1ª edición: Editorial Proyección / Uruguay / 1993, en
colaboración con la Universidad de Poitiers.
1ª edición virtual: elMontevideano Laboratorio de Artes /
2020, con el apoyo de la Universidad de Poitiers.
Traducción del francés: Hugo Giovanetti Viola
HISTORIA
Y FICCIÓN
III.
LA AUSENCIA DEL PADRE (1)
Esta afirmación, que
puede parecer insólita a primera vista, no carece sin embargo de fundamento. Un
cuidadoso examen de la obra onettiana revelará enseguida que la amargura provocada
por la Historia va acompañada por un sentimiento de soledad individual y de
vacío afectivo cuya raíz debe buscarse en la erosión y hasta en la inexistencia
de las estructuras familiares. Esto puede comprobarse a través de pasajes
sacados tanto de los cuentos juveniles como de las obras de madurez. Porque ya
desde 1932, el universo narrativo de Juan Carlos Onetti ofrece una visión
bastante ambigua del medio familiar. Presente en numerosos textos, la familia constituye
de buenas a primeras una referencia inevitable que no podrán ignorar ni Raucho,
ni Eladio Linacero o Jason, ni aun los mismos Jorge Malabia y Larsen. Todos
admitirán -de mal grado a veces- su función privilegiada. Pero los diversos
integrantes de la familia no aparecerán investidos por el mismo status. Las
mujeres, en particular, ocupan un sitio aparte, reconociéndoseles una identidad
específica no desprovista de aspectos positivos.
Raucho, por ejemplo, al
evocar a su familia, les otorga una atención especial, benévola y tierna, tanto
a su madre como a su hermana mayor, confidente de sus primeras emociones y
prolongación has cierto punto de la imagen materna:
-Vos no te masturbás, ya…
-Decí la santísima, es
mejor. No, no puedo.
-¿Y el señor?
-Yo sí. Y no por eso; no
por gozar.
-Entiendo. Lo hacés por
perfeccionamiento del alma.
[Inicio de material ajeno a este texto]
lemma star_term_insert_right:
  "right_multiplicity y (insert_right y T) * star_term N etainv A B (P + Poly_Mapping.single y 1) e h (insert_right y T) = star_term N etainv A (pdiff y B) P e h T"
proof -
  obtain t a b Q1 Q2 e1 h1 h2 where Te: "T = (t,a,b,Q1,Q2,e1,h1,h2)" by (cases T) auto
  let ?e = "Poly_Mapping.single y (1::nat)"
  have c: "(Q1 + (Q2 + ?e) = P + ?e) = (Q1 + Q2 = P)" by (rule add_single_cancel2)
  have a1: "Q2 + ?e + b = Q2 + b + ?e" by (simp add: add_ac)
  have p1: "pfact (Q2 + b + ?e) = of_nat (Poly_Mapping.lookup (Q2 + b) y + 1) * pfact (Q2 + b)"
    by (rule pfact_add_single)
  have p2: "pfact (Q2 + ?e) = of_nat (Poly_Mapping.lookup Q2 y + 1) * pfact Q2" by (rule pfact_add_single)
  have l1: "Poly_Mapping.lookup (Q2 + ?e) y = Poly_Mapping.lookup Q2 y + 1" by (simp add: lookup_add)
  have nz: "(of_nat (Poly_Mapping.lookup Q2 y + 1) :: complex) \<noteq> 0" by (simp only: of_nat_eq_0_iff)
  have L: "right_multiplicity y (insert_right y T) * star_term N etainv A B (P + ?e) e h (insert_right y T) =
     (if contraction N t a b \<and> Q1 + Q2 = P \<and> e1 \<le> e \<and> h1 + h2 + contraction_order t = h
     then of_nat (Poly_Mapping.lookup Q2 y + 1) * (contraction_weight etainv t * (A (Q1 + a) e1 h1 * pfact (Q1 + a) / pfact Q1) *
           (B (Q2 + b + ?e) (e - e1) h2 * (of_nat (Poly_Mapping.lookup (Q2 + b) y + 1) * pfact (Q2 + b)) / (of_nat (Poly_Mapping.lookup Q2 y + 1) * pfact Q2)))
     else 0)"
    unfolding Te insert_right_def right_multiplicity_def star_term_def
    by (simp only: prod.case c a1 p1 p2 l1) (simp only: if_distrib[of "times _"] mult_zero_right)
  have R: "star_term N etainv A (pdiff y B) P e h T =
     (if contraction N t a b \<and> Q1 + Q2 = P \<and> e1 \<le> e \<and> h1 + h2 + contraction_order t = h
     then contraction_weight etainv t * (A (Q1 + a) e1 h1 * pfact (Q1 + a) / pfact Q1) *
           ((of_nat (Poly_Mapping.lookup (Q2 + b) y + 1) * B (Q2 + b + ?e) (e - e1) h2) * pfact (Q2 + b) / pfact Q2)
     else 0)"
    unfolding Te star_term_def pdiff_def by (simp only: prod.case)
  have cancel: "c * (s * ap * (v * (c2 * p) / (c * d))) = s * ap * (c2 * v * p / d)"
    if "c \<noteq> 0" "d \<noteq> 0" for c d s ap v c2 p :: complex
    using that by (simp add: field_simps)
  show ?thesis unfolding L R by (simp only: cancel[OF nz pfact_nonzero])
qed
Seguí contando que yo miro al hermanito sol y la
hermanita nube. ¿Leíste San Francisco?
-Un día se lo dije a mi
hermana.
-Linda, Clara.
-Linda. Hubo un tiempo en
que jugábamos y era de veras mi hermana.
Calló un momento,
sabiendo que hablar era como desnudarse para ojos chispeantes y maliciosos; que
iba a estar luego rabioso y arrepentido, odiando a Lorenzo por haber escuchado (51)
La imagen de la madre
atravesará con constancia toda la obra de Juan Carlos Onetti, impregnándola de
una emoción contenida. En una novela como Tierra de nadie, por ejemplo,
donde sólo parecen importar las amistades entre los miembros de la “barra”,
Aránzuru, el desarraigado, el errante, revive su infancia percibiéndola como un
extraño cuadro conmovedoramente inmóvil:
Quería pensar en ella,
allí, apoyada contra su cabeza. Pero siempre se escapaba hacia el tiempo de la
infancia.
-¿Cómo somos?
-No sé… Antes, cuando
estábamos en el campo y veníamos a verte… El recuerdo es de allí, de entonces,
cuando estaba lejos tuyo. Te recordaba como a algo, no persona, un ser
fantástico. El pelo rubio, un traje de seda negro, los brazos blancos. Todo eso
estaba en un lugar de árboles enanos. Es posible que se trate de un sueño que
me quedó. Lo curioso es que yo no tenía amor, la forma corriente de amor de un
chico por su madre. Te admiraba, mejor; y con un poco de miedo. No mucho. -Eso
es maravilloso -Se inclinó para besarlo. -Y hay mucho de retrato mío en todo
eso, ¿eh? -Sí, es posible. También yo lo veía como un cuadro, aunque no sé si
estaba inmóvil. Ella se levantó con lentitud sonriendo, con una expresión
adormecida y feliz (52).
En la última novela de
Juan Carlos Onetti, resurge de modo ejemplar ocupando significativamente la
infancia imaginaria que el ex-comisario recrea para su presunto hijo.
Esta aparece dominada por
la presencia de una madre afectuosa y tímida:
Después, la complicidad
más frívola, en desobediencias que la mujer sonriente disimulaba o sugería: las
golosinas, las siestas, las horas perdidas en el gallinero y la conejera, los
trajes de terciopelo y encajes cosidos en secreto, usados fugazmente en
soledad. Las risas y los besos asfixiantes, la belleza opresiva y protectora de
la mujer: su aliada, su felicidad.
Después -aunque quizá él
no lo haya sabido nunca-, el combate iniciado cuando estaban por gastarse seis
años de los veinte. Las trampas y la lucha franca para evitar que el hombre
callado y de barba canosa cargara un día al niño en el charret o en el camión
recién comprado, con los indispensables detalles que completarían el espanto de
la separación: una valija flamante, una canasta con fruta, un par de gallinas
con las patas atadas -para remontar sin apuro el camino a Santa María, cruzar
sin detenciones ni curiosidad el pueblo que iba pariendo por entonces una casa
por día, y entregar todo al fin de la tarde, luego de cuatro o seis horas de
viaje, al superior del colegio de jesuitas de Colón (53)
En la mayor parte de los
textos la madre asumirá, en efecto, una función globalmente equilibrante. Sólo
en contados casos podrá encontrársela desempeñando un papel totalmente negativo.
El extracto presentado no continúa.